→ DATA FOR THIS TASK
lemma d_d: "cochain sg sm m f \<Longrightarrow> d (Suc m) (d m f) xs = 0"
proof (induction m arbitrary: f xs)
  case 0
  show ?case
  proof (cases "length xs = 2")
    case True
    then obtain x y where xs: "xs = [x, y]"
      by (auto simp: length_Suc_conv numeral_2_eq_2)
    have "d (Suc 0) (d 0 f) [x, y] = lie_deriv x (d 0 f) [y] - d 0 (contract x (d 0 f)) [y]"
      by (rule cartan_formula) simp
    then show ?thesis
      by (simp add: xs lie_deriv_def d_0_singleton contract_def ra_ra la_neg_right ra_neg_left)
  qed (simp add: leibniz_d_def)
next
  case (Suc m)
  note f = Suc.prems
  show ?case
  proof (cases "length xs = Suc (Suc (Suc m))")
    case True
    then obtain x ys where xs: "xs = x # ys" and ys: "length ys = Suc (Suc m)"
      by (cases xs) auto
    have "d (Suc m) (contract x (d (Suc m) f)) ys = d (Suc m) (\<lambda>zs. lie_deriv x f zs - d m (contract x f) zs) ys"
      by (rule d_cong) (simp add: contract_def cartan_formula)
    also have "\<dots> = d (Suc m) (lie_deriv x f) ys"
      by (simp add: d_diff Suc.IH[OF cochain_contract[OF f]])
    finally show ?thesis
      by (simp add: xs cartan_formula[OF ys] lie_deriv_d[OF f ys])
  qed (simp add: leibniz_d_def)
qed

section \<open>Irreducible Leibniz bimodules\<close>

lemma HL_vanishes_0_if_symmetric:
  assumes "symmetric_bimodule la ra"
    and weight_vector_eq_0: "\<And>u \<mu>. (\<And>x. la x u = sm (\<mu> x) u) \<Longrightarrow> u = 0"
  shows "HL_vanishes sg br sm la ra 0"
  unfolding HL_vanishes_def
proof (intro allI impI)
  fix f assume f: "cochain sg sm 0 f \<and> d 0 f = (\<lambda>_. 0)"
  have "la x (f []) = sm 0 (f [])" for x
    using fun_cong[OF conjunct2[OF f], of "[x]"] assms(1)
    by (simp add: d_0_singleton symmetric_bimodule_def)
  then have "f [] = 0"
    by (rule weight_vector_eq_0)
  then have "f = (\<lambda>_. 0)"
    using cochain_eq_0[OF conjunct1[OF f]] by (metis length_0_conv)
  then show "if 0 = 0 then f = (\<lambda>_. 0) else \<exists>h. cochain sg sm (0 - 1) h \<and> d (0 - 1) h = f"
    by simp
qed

---

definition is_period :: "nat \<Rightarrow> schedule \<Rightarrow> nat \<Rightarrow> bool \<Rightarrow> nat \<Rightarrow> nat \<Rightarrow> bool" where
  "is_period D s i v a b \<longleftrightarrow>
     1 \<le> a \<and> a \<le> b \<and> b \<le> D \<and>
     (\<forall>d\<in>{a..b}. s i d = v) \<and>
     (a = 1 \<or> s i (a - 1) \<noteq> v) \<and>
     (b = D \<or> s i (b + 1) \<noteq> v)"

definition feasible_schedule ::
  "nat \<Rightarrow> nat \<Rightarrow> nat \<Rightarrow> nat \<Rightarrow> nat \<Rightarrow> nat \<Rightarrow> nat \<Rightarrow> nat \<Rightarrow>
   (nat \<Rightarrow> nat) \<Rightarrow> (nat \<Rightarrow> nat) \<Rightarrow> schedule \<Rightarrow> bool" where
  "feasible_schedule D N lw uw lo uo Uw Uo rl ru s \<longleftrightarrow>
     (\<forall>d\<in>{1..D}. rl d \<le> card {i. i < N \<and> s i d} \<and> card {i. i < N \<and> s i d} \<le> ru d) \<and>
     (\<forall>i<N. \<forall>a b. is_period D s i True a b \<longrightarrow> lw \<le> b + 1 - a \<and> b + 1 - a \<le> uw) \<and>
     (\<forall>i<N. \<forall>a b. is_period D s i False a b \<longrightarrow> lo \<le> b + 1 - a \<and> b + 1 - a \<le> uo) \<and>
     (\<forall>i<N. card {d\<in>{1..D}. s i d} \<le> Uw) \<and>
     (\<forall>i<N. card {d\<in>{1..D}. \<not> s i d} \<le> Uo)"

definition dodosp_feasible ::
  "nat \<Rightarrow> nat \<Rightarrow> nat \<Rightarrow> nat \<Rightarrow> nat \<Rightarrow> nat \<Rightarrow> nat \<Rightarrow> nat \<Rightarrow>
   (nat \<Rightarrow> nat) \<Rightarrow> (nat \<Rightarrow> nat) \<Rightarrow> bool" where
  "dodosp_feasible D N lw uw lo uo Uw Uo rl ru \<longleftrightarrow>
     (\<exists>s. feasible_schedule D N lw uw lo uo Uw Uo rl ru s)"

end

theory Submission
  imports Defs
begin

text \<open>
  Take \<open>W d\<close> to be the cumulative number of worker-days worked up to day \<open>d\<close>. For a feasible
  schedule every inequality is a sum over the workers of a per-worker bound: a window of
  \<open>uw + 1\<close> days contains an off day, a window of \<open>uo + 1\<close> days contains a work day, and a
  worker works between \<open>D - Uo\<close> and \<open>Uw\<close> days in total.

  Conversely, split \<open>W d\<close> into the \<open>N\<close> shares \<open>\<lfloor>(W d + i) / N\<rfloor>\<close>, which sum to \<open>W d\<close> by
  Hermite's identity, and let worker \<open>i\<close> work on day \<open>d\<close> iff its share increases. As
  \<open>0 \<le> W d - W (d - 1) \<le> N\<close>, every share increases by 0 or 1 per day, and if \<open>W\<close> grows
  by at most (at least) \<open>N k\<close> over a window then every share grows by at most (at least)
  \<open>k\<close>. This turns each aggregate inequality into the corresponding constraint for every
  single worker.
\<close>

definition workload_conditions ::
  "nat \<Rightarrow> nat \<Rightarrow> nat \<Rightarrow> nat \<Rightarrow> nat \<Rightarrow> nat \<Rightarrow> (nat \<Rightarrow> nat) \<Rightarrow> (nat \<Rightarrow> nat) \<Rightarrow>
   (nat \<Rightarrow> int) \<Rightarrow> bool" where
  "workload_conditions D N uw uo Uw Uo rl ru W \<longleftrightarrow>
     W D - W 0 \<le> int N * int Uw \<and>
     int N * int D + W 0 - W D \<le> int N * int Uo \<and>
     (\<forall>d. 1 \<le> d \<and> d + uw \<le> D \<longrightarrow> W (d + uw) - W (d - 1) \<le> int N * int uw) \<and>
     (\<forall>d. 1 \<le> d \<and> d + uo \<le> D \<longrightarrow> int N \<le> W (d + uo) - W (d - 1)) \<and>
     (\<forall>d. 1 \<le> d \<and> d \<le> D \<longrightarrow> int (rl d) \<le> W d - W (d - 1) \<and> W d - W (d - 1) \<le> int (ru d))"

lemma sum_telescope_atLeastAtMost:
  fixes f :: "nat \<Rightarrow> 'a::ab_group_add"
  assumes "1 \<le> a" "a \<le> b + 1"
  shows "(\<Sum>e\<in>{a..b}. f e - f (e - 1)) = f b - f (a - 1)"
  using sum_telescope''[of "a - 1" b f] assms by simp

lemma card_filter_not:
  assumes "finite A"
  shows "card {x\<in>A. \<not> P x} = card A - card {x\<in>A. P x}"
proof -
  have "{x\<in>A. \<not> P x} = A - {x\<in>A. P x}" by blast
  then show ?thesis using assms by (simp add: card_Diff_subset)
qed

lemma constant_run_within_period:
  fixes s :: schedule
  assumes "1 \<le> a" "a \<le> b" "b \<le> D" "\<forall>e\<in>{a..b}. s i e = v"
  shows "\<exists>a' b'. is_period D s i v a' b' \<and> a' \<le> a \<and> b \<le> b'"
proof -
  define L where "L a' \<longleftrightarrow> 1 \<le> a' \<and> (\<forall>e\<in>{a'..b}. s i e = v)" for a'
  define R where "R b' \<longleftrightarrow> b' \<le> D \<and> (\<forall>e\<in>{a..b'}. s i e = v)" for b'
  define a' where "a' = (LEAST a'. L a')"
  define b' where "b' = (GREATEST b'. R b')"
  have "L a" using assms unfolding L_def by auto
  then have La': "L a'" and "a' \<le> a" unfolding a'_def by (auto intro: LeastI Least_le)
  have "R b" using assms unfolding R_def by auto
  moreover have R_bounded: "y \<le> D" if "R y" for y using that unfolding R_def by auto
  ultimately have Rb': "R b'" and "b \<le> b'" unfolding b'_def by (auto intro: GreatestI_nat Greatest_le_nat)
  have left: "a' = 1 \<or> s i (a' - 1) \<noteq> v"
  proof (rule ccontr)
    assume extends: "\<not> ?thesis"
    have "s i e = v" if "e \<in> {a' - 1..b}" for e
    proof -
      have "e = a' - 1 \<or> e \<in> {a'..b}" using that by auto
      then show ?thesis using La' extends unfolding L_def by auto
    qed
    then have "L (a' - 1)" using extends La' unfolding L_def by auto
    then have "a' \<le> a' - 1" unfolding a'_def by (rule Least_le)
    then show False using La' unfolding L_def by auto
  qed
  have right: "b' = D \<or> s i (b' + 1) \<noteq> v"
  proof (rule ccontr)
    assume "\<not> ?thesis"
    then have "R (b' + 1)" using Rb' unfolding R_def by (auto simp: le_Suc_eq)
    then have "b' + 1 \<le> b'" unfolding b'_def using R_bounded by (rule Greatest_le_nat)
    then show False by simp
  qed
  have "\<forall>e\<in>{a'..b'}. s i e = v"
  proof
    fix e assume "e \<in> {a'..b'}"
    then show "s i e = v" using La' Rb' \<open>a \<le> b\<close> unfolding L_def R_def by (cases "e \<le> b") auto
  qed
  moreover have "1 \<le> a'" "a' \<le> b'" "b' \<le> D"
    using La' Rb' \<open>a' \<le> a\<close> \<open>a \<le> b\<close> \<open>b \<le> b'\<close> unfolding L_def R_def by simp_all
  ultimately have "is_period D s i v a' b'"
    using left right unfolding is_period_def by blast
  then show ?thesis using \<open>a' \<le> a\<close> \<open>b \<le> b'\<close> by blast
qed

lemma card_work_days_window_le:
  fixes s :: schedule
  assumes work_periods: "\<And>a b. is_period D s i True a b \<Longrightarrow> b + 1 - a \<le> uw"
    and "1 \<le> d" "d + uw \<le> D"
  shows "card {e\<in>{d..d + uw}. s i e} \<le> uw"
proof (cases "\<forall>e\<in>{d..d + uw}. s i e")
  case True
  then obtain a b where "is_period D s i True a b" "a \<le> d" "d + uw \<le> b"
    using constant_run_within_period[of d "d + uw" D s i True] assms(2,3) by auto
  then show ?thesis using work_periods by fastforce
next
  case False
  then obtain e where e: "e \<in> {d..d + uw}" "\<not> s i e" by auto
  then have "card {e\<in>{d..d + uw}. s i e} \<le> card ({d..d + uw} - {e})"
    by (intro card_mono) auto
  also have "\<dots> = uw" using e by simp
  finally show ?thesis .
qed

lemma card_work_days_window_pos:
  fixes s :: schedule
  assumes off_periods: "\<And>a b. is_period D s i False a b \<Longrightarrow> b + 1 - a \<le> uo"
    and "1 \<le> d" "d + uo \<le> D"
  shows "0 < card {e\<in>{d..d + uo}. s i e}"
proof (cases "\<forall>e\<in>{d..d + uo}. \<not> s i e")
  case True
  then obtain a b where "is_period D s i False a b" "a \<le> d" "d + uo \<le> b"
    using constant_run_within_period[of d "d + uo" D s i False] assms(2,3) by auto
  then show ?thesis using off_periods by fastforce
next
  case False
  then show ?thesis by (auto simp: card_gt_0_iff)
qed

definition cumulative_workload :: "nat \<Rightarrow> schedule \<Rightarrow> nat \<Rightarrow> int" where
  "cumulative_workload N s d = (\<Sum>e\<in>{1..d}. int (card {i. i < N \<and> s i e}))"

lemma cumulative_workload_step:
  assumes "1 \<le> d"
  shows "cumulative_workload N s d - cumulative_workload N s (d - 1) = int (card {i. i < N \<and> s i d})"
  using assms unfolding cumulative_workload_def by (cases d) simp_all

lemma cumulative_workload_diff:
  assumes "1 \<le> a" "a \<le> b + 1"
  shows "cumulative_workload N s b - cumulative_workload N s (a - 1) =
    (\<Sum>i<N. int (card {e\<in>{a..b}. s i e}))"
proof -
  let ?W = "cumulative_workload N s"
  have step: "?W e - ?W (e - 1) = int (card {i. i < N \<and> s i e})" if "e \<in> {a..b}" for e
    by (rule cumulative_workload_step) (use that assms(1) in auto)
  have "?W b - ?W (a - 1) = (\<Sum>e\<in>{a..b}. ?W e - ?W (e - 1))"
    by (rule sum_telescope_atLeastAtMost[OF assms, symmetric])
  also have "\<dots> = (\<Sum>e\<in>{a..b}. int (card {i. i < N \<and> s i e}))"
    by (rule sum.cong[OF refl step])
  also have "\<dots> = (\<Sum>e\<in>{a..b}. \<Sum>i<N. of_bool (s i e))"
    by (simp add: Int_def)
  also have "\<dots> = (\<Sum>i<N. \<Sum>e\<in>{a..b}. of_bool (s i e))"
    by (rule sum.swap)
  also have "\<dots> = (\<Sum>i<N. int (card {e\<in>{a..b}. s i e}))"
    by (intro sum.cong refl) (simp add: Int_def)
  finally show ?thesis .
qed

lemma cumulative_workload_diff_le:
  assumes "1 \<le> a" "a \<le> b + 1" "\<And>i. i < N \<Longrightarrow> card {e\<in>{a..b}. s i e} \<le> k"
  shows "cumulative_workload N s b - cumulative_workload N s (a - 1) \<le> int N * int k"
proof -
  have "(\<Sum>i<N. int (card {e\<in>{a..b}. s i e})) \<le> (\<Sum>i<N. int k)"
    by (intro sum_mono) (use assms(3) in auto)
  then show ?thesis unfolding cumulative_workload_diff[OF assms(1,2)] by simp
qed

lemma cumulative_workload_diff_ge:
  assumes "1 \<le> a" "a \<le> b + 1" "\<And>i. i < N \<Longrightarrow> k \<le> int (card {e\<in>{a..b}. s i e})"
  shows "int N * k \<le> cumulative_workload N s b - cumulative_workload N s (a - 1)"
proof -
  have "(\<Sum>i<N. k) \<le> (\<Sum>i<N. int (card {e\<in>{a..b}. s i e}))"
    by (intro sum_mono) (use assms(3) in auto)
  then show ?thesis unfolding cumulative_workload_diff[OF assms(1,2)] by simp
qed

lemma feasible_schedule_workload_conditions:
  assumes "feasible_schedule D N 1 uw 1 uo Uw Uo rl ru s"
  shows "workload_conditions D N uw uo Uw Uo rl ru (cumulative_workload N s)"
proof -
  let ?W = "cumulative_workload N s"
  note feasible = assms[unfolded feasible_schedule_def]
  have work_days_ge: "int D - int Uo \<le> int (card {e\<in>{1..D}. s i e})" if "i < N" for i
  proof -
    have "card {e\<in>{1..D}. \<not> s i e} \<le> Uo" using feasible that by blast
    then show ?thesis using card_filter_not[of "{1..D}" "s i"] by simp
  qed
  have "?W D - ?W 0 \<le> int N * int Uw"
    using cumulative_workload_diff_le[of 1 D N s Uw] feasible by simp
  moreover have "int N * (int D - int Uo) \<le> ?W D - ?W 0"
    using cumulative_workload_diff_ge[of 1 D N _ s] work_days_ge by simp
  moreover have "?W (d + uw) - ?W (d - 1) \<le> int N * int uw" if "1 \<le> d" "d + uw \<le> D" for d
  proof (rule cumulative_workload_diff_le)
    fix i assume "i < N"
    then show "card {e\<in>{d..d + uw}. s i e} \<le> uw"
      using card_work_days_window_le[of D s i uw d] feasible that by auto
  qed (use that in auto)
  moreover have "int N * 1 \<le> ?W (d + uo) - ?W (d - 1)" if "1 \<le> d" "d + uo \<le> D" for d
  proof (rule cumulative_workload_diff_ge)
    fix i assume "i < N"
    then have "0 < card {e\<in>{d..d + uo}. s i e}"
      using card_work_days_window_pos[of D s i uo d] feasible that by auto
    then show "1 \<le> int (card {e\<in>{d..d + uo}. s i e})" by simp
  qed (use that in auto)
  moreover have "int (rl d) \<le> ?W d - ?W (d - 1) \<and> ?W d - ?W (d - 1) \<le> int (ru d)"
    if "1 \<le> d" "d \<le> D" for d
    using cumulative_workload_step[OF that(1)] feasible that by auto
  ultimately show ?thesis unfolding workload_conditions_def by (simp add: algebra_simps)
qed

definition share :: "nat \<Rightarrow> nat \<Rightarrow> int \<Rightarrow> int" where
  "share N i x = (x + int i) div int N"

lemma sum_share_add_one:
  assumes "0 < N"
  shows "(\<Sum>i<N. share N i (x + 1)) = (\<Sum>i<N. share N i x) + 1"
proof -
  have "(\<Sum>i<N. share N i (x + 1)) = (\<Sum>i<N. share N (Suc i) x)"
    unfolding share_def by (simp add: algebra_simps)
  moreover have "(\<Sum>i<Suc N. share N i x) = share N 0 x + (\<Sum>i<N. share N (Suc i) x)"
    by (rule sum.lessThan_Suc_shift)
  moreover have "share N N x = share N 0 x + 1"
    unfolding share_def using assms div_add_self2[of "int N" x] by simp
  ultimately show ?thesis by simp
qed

→ PROBLEM REQUIREMENTS
Repeat exactly the lines above from the one with "by (rule cartan_formula) simp" up to and including the one with "(Suc m) (contract". No other line belongs in the reply.

→ EXERCISE OUTPUT
      by (rule cartan_formula) simp
    then show ?thesis
      by (simp add: xs lie_deriv_def d_0_singleton contract_def ra_ra la_neg_right ra_neg_left)
  qed (simp add: leibniz_d_def)
next
  case (Suc m)
  note f = Suc.prems
  show ?case
  proof (cases "length xs = Suc (Suc (Suc m))")
    case True
    then obtain x ys where xs: "xs = x # ys" and ys: "length ys = Suc (Suc m)"
      by (cases xs) auto
    have "d (Suc m) (contract x (d (Suc m) f)) ys = d (Suc m) (\<lambda>zs. lie_deriv x f zs - d m (contract x f) zs) ys"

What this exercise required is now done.